- [The input]:
(* Let $G$ be a bipartite graph with bipartition $A\cup B$ such that every vertex $a\in A$ has degree exactly $2$. Then there exists a subset $X\subseteq B$ with $|X|\le\frac{|A|+|B|}{3}$ such that every vertex of $A$ has a neighbour in $X$. *)

theory Defs
  imports Main
begin

text \<open>A finite simple bipartite graph with parts A and B is represented by its
edge set E, a set of pairs (a,b) with a in A and b in B (each edge ab appears once,
oriented from A to B).\<close>

definition bipartite_graph :: "'v set \<Rightarrow> 'v set \<Rightarrow> ('v \<times> 'v) set \<Rightarrow> bool" where
  "bipartite_graph A B E \<longleftrightarrow> finite A \<and> finite B \<and> A \<inter> B = {} \<and> E \<subseteq> A \<times> B"

definition nbrs :: "('v \<times> 'v) set \<Rightarrow> 'v \<Rightarrow> 'v set" where
  "nbrs E a = {b. (a, b) \<in> E}"

end

theory Submission
  imports Defs "HOL-Library.Disjoint_Sets"
begin

text \<open>Induction on \<open>|B|\<close>. If some \<open>b \<in> B\<close> meets the neighbourhoods of two distinct
vertices of \<open>A\<close>, put \<open>b\<close> into \<open>X\<close> and recurse on \<open>B - {b}\<close> and the vertices not
adjacent to \<open>b\<close>: the left side grows by 3 and the right side shrinks by at least 3.
Otherwise the neighbourhoods are pairwise disjoint, so \<open>2|A| \<le> |B|\<close>, and one
neighbour per vertex of \<open>A\<close> gives \<open>|X| \<le> |A| \<le> (|A| + |B|)/3\<close>.\<close>

lemma disjoint_family_card_le:
  fixes N :: "'a \<Rightarrow> 'b set"
  assumes "disjoint_family_on N A" "finite A" "finite B"
    and "\<And>a. a \<in> A \<Longrightarrow> N a \<subseteq> B" "\<And>a. a \<in> A \<Longrightarrow> k \<le> card (N a)"
  shows "k * card A \<le> card B"
proof -
  have "k * card A = (\<Sum>a\<in>A. k)" by simp
  also have "\<dots> \<le> (\<Sum>a\<in>A. card (N a))" using assms(5) by (rule sum_mono)
  also have "\<dots> = card (\<Union>a\<in>A. N a)"
    using assms by (intro card_UN_disjoint'[symmetric]) (auto intro: finite_subset)
  also have "\<dots> \<le> card B" using assms(3,4) by (intro card_mono) auto
  finally show ?thesis .
qed

lemma transversal_card_le:
  fixes N :: "'a \<Rightarrow> 'b set"
  assumes "finite A" "\<And>a. a \<in> A \<Longrightarrow> N a \<noteq> {}"
  shows "\<exists>X \<subseteq> (\<Union>a\<in>A. N a). card X \<le> card A \<and> (\<forall>a\<in>A. N a \<inter> X \<noteq> {})"
proof -
  define f where "f a = (SOME b. b \<in> N a)" for a
  have f: "f a \<in> N a" if "a \<in> A" for a
    using assms(2)[OF that] unfolding f_def by (simp add: some_in_eq)
  show ?thesis
    using f card_image_le[OF assms(1), of f] by (intro exI[of _ "f ` A"]) auto
qed

lemma transversal_card_bound:
  fixes N :: "'a \<Rightarrow> 'b set"
  assumes "finite A" "finite B"
    and "\<And>a. a \<in> A \<Longrightarrow> N a \<subseteq> B" "\<And>a. a \<in> A \<Longrightarrow> 2 \<le> card (N a)"
  shows "\<exists>X \<subseteq> B. 3 * card X \<le> card A + card B \<and> (\<forall>a\<in>A. N a \<inter> X \<noteq> {})"
  using assms
proof (induction "card B" arbitrary: A B rule: less_induct)
  case less
  show ?case
  proof (cases "disjoint_family_on N A")
    case True
    have "2 * card A \<le> card B"
      using disjoint_family_card_le[OF True] less.prems by blast
    moreover obtain X where "X \<subseteq> (\<Union>a\<in>A. N a)" "card X \<le> card A" "\<forall>a\<in>A. N a \<inter> X \<noteq> {}"
      using transversal_card_le[of A N] less.prems by fastforce
    ultimately show ?thesis using less.prems(3) by (intro exI[of _ X]) auto
  next
    case False
    then obtain a a' b where a: "a \<in> A" "a' \<in> A" "a \<noteq> a'" and b: "b \<in> N a" "b \<in> N a'"
      unfolding disjoint_family_on_def by blast
    have "b \<in> B" using a(1) b(1) less.prems(3) by blast
    define A' where "A' = {x \<in> A. b \<notin> N x}"
    have "card (B - {b}) < card B"
      using less.prems(2) \<open>b \<in> B\<close> by (rule card_Diff1_less)
    then obtain X' where X': "X' \<subseteq> B - {b}" "3 * card X' \<le> card A' + card (B - {b})"
        "\<forall>x\<in>A'. N x \<inter> X' \<noteq> {}"
      using less.hyps[of "B - {b}" A'] less.prems unfolding A'_def by auto
    have "A' \<subseteq> A - {a, a'}" using a b unfolding A'_def by auto
    moreover have "card {a, a'} \<le> card A" using a less.prems(1) by (intro card_mono) auto
    ultimately have "card A' + 2 \<le> card A"
      using a less.prems(1) card_mono[of "A - {a, a'}" A'] by auto
    moreover have "card (insert b X') = card X' + 1"
      using X'(1) less.prems(2) by (subst card_insert_disjoint) (auto intro: finite_subset)
    ultimately have "3 * card (insert b X') \<le> card A + card B"
      using X'(2) \<open>b \<in> B\<close> less.prems(2) card_gt_0_iff[of B]
      by (auto simp: card_Diff_singleton)
    moreover have "\<forall>x\<in>A. N x \<inter> insert b X' \<noteq> {}" using X'(3) unfolding A'_def by auto
    ultimately show ?thesis using X'(1) \<open>b \<in> B\<close> by (intro exI[of _ "insert b X'"]) auto
  qed
qed

theorem lemma3:
  fixes A B :: "'v set" and E :: "('v \<times> 'v) set"
  assumes "bipartite_graph A B E"
    and "\<forall>a\<in>A. card (nbrs E a) = 2"
  shows "\<exists>X. X \<subseteq> B \<and> 3 * card X \<le> card A + card B
              \<and> (\<forall>a\<in>A. nbrs E a \<inter> X \<noteq> {})"
proof -
  have "finite A" "finite B" and "\<And>a. a \<in> A \<Longrightarrow> nbrs E a \<subseteq> B"
    using assms(1) unfolding bipartite_graph_def nbrs_def by auto
  with assms(2) show ?thesis
    using transversal_card_bound[of A B "nbrs E"] by auto
qed

end
(* Let $\theta\in[0,2\pi)$ and $\alpha_2,\alpha_3\in\mathbb C$. Put $\gamma_\to=e^{i(\theta+\sqrt2\Lambda+3\pi/4)}$, $\gamma_\leftarrow=e^{i(-\theta+\sqrt2\Lambda+3\pi/4)}$, $$D_\gamma=\{\psi_0+c_L(L_++\gamma_\to R_-)+c_R(R_++\gamma_\leftarrow L_-):\psi_0\in D(H_0),\ c_L,c_R\in\mathbb C\},$$ $$D_\alpha=\{\psi\in D(H_0^* ):\psi(\Lambda)=\alpha_2\psi'(-\Lambda)\ \text{and}\ \psi'(\Lambda)=\alpha_3\psi(-\Lambda)\}.$$ Then $D_\gamma=D_\alpha$ if and only if $\alpha_2=-e^{i\theta}$ and $\alpha_3=e^{i\theta}$.
   Context: Fix $\Lambda>0$, $\Omega_\Lambda=(-\infty,-\Lambda)\cup(\Lambda,\infty)$. $D(H_0^* )$ is the set of $\psi\in L^2(\Omega_\Lambda)$ such that $\psi,\psi'$ are locally absolutely continuous on each closed half-line $(-\infty,-\Lambda]$, $[\Lambda,\infty)$ and $\psi''$ is square integrable; $\psi(\pm\Lambda),\psi'(\pm\Lambda)$ are one-sided boundary values. $D(H_0)=\{\psi\in D(H_0^* ):\psi(\pm\Lambda)=\psi'(\pm\Lambda)=0\}$ (the domain of the closure of $-\frac{d^2}{dx^2}$ on $C_0^\infty(\Omega_\Lambda)$). Let $N=2^{1/4}e^{\Lambda/\sqrt2}$ and define on $\Omega_\Lambda$: $R_\pm(x)=0$ for $x<-\Lambda$, $R_\pm(x)=Ne^{(-1\pm i)x/\sqrt2}$ for $x>\Lambda$; $L_\pm(x)=Ne^{(1\mp i)x/\sqrt2}$ for $x<-\Lambda$, $L_\pm(x)=0$ for $x>\Lambda$. *)

theory Defs
  imports "HOL-Analysis.Analysis"
begin

definition abs_cont_on :: "real \<Rightarrow> real \<Rightarrow> (real \<Rightarrow> complex) \<Rightarrow> bool" where
  "abs_cont_on a b f \<longleftrightarrow>
     (\<forall>\<epsilon>>0. \<exists>\<delta>>0. \<forall>(n::nat) (u::nat \<Rightarrow> real) (v::nat \<Rightarrow> real).
        (\<forall>k<n. a \<le> u k \<and> u k \<le> v k \<and> v k \<le> b) \<and>
        (\<forall>j<n. \<forall>k<n. j \<noteq> k \<longrightarrow> v j \<le> u k \<or> v k \<le> u j) \<and>
        (\<Sum>k<n. v k - u k) < \<delta>
        \<longrightarrow> (\<Sum>k<n. cmod (f (v k) - f (u k))) < \<epsilon>)"

definition loc_abs_cont_on :: "real set \<Rightarrow> (real \<Rightarrow> complex) \<Rightarrow> bool" where
  "loc_abs_cont_on I f \<longleftrightarrow> (\<forall>a\<in>I. \<forall>b\<in>I. a \<le> b \<longrightarrow> abs_cont_on a b f)"

definition L2_on :: "real set \<Rightarrow> (real \<Rightarrow> complex) \<Rightarrow> bool" where
  "L2_on S f \<longleftrightarrow> f \<in> borel_measurable (lebesgue_on S) \<and>
                  integrable (lebesgue_on S) (\<lambda>x. (cmod (f x))^2)"

definition Omega :: "real \<Rightarrow> real set" where
  "Omega \<Lambda> = {..<-\<Lambda>} \<union> {\<Lambda><..}"

definition halflines :: "real \<Rightarrow> real set set" where
  "halflines \<Lambda> = {{..-\<Lambda>}, {\<Lambda>..}}"

definition dv :: "real set \<Rightarrow> (real \<Rightarrow> complex) \<Rightarrow> real \<Rightarrow> complex" where
  "dv I \<psi> x = vector_derivative \<psi> (at x within I)"

text \<open>Functions on \<Omega>_\<Lambda> are represented as functions real => complex which vanish on the
  open gap (-\<Lambda>,\<Lambda>); their values at \<plusminus>\<Lambda> are the one-sided boundary values.\<close>
definition DH0star :: "real \<Rightarrow> (real \<Rightarrow> complex) set" where
  "DH0star \<Lambda> = {\<psi>. (\<forall>x. -\<Lambda> < x \<and> x < \<Lambda> \<longrightarrow> \<psi> x = 0) \<and> L2_on (Omega \<Lambda>) \<psi> \<and>
     (\<forall>I\<in>halflines \<Lambda>.
        loc_abs_cont_on I \<psi> \<and>
        (\<forall>x\<in>I. \<psi> differentiable (at x within I)) \<and>
        loc_abs_cont_on I (dv I \<psi>) \<and>
        (\<exists>g. L2_on I g \<and>
             (AE x in lebesgue. x \<in> I \<longrightarrow> (dv I \<psi> has_vector_derivative g x) (at x within I))))}"

definition dm :: "real \<Rightarrow> (real \<Rightarrow> complex) \<Rightarrow> complex" where
  "dm \<Lambda> \<psi> = dv {..-\<Lambda>} \<psi> (-\<Lambda>)"

definition dp :: "real \<Rightarrow> (real \<Rightarrow> complex) \<Rightarrow> complex" where
  "dp \<Lambda> \<psi> = dv {\<Lambda>..} \<psi> \<Lambda>"

definition DH0 :: "real \<Rightarrow> (real \<Rightarrow> complex) set" where
  "DH0 \<Lambda> = {\<psi>\<in>DH0star \<Lambda>. \<psi> (-\<Lambda>) = 0 \<and> \<psi> \<Lambda> = 0 \<and> dm \<Lambda> \<psi> = 0 \<and> dp \<Lambda> \<psi> = 0}"

definition Nc :: "real \<Rightarrow> real" where
  "Nc \<Lambda> = 2 powr (1/4) * exp (\<Lambda> / sqrt 2)"

definition Rp :: "real \<Rightarrow> real \<Rightarrow> complex" where
  "Rp \<Lambda> x = (if \<Lambda> \<le> x then of_real (Nc \<Lambda>) * exp ((-1 + \<i>) * of_real (x / sqrt 2)) else 0)"
definition Rm :: "real \<Rightarrow> real \<Rightarrow> complex" where
  "Rm \<Lambda> x = (if \<Lambda> \<le> x then of_real (Nc \<Lambda>) * exp ((-1 - \<i>) * of_real (x / sqrt 2)) else 0)"
definition Lp :: "real \<Rightarrow> real \<Rightarrow> complex" where
  "Lp \<Lambda> x = (if x \<le> -\<Lambda> then of_real (Nc \<Lambda>) * exp ((1 - \<i>) * of_real (x / sqrt 2)) else 0)"
definition Lm :: "real \<Rightarrow> real \<Rightarrow> complex" where
  "Lm \<Lambda> x = (if x \<le> -\<Lambda> then of_real (Nc \<Lambda>) * exp ((1 + \<i>) * of_real (x / sqrt 2)) else 0)"

definition gamma_r :: "real \<Rightarrow> real \<Rightarrow> complex" where
  "gamma_r \<Lambda> \<theta> = exp (\<i> * of_real (\<theta> + sqrt 2 * \<Lambda> + 3 * pi / 4))"
definition gamma_l :: "real \<Rightarrow> real \<Rightarrow> complex" where
  "gamma_l \<Lambda> \<theta> = exp (\<i> * of_real (- \<theta> + sqrt 2 * \<Lambda> + 3 * pi / 4))"

definition Dgamma :: "real \<Rightarrow> real \<Rightarrow> (real \<Rightarrow> complex) set" where
  "Dgamma \<Lambda> \<theta> = {\<lambda>x. \<psi>0 x + cL * (Lp \<Lambda> x + gamma_r \<Lambda> \<theta> * Rm \<Lambda> x)
                          + cR * (Rp \<Lambda> x + gamma_l \<Lambda> \<theta> * Lm \<Lambda> x)
                   | \<psi>0 cL cR. \<psi>0 \<in> DH0 \<Lambda>}"

definition Dalpha :: "real \<Rightarrow> complex \<Rightarrow> complex \<Rightarrow> (real \<Rightarrow> complex) set" where
  "Dalpha \<Lambda> a2 a3 = {\<psi>\<in>DH0star \<Lambda>. \<psi> \<Lambda> = a2 * dm \<Lambda> \<psi> \<and> dp \<Lambda> \<psi> = a3 * \<psi> (-\<Lambda>)}"

end

theory Submission
  imports Defs
begin

text \<open>
  Both D_gamma and D_alpha lie in D(H_0^*), which is a vector space on which the
  boundary data psi(-Lambda), psi'(-Lambda), psi(Lambda), psi'(Lambda) are linear; D(H_0) is
  the subspace where all four vanish.  The functions R_+-, L_+- are decaying exponentials
  supported on one half-line, so their boundary data are explicit.  Writing T = e^{i theta}
  and omega = e^{3 pi i/4}, one checks that the two generators L_+ + gamma_r R_- and
  R_+ + gamma_l L_- of D_gamma satisfy psi(Lambda) = -T psi'(-Lambda) and
  psi'(Lambda) = T psi(-Lambda), and that their left boundary data are linearly independent.
  Hence D_gamma = D_alpha for alpha_2 = -T, alpha_3 = T: any psi in that D_alpha minus the
  combination of generators with the same left data has all boundary data zero.  Conversely
  the first generator has nonzero psi(-Lambda) and psi'(-Lambda), which pins down alpha_2, alpha_3.
\<close>

definition ac_family :: "real \<Rightarrow> real \<Rightarrow> nat \<Rightarrow> (nat \<Rightarrow> real) \<Rightarrow> (nat \<Rightarrow> real) \<Rightarrow> bool" where
  "ac_family a b n u v \<longleftrightarrow>
     (\<forall>k<n. a \<le> u k \<and> u k \<le> v k \<and> v k \<le> b) \<and>
     (\<forall>j<n. \<forall>k<n. j \<noteq> k \<longrightarrow> v j \<le> u k \<or> v k \<le> u j)"

definition variation_sum :: "(real \<Rightarrow> complex) \<Rightarrow> nat \<Rightarrow> (nat \<Rightarrow> real) \<Rightarrow> (nat \<Rightarrow> real) \<Rightarrow> real" where
  "variation_sum f n u v = (\<Sum>k<n. cmod (f (v k) - f (u k)))"

lemma abs_cont_on_iff:
  "abs_cont_on a b f \<longleftrightarrow>
     (\<forall>\<epsilon>>0. \<exists>\<delta>>0. \<forall>n u v. ac_family a b n u v \<and> (\<Sum>k<n. v k - u k) < \<delta>
                          \<longrightarrow> variation_sum f n u v < \<epsilon>)"
  unfolding abs_cont_on_def ac_family_def variation_sum_def by simp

- [Your assignment]:
Within the data, how many lines hold the word "neighbourhoods"? State the number alone.

- [Answer section]:
2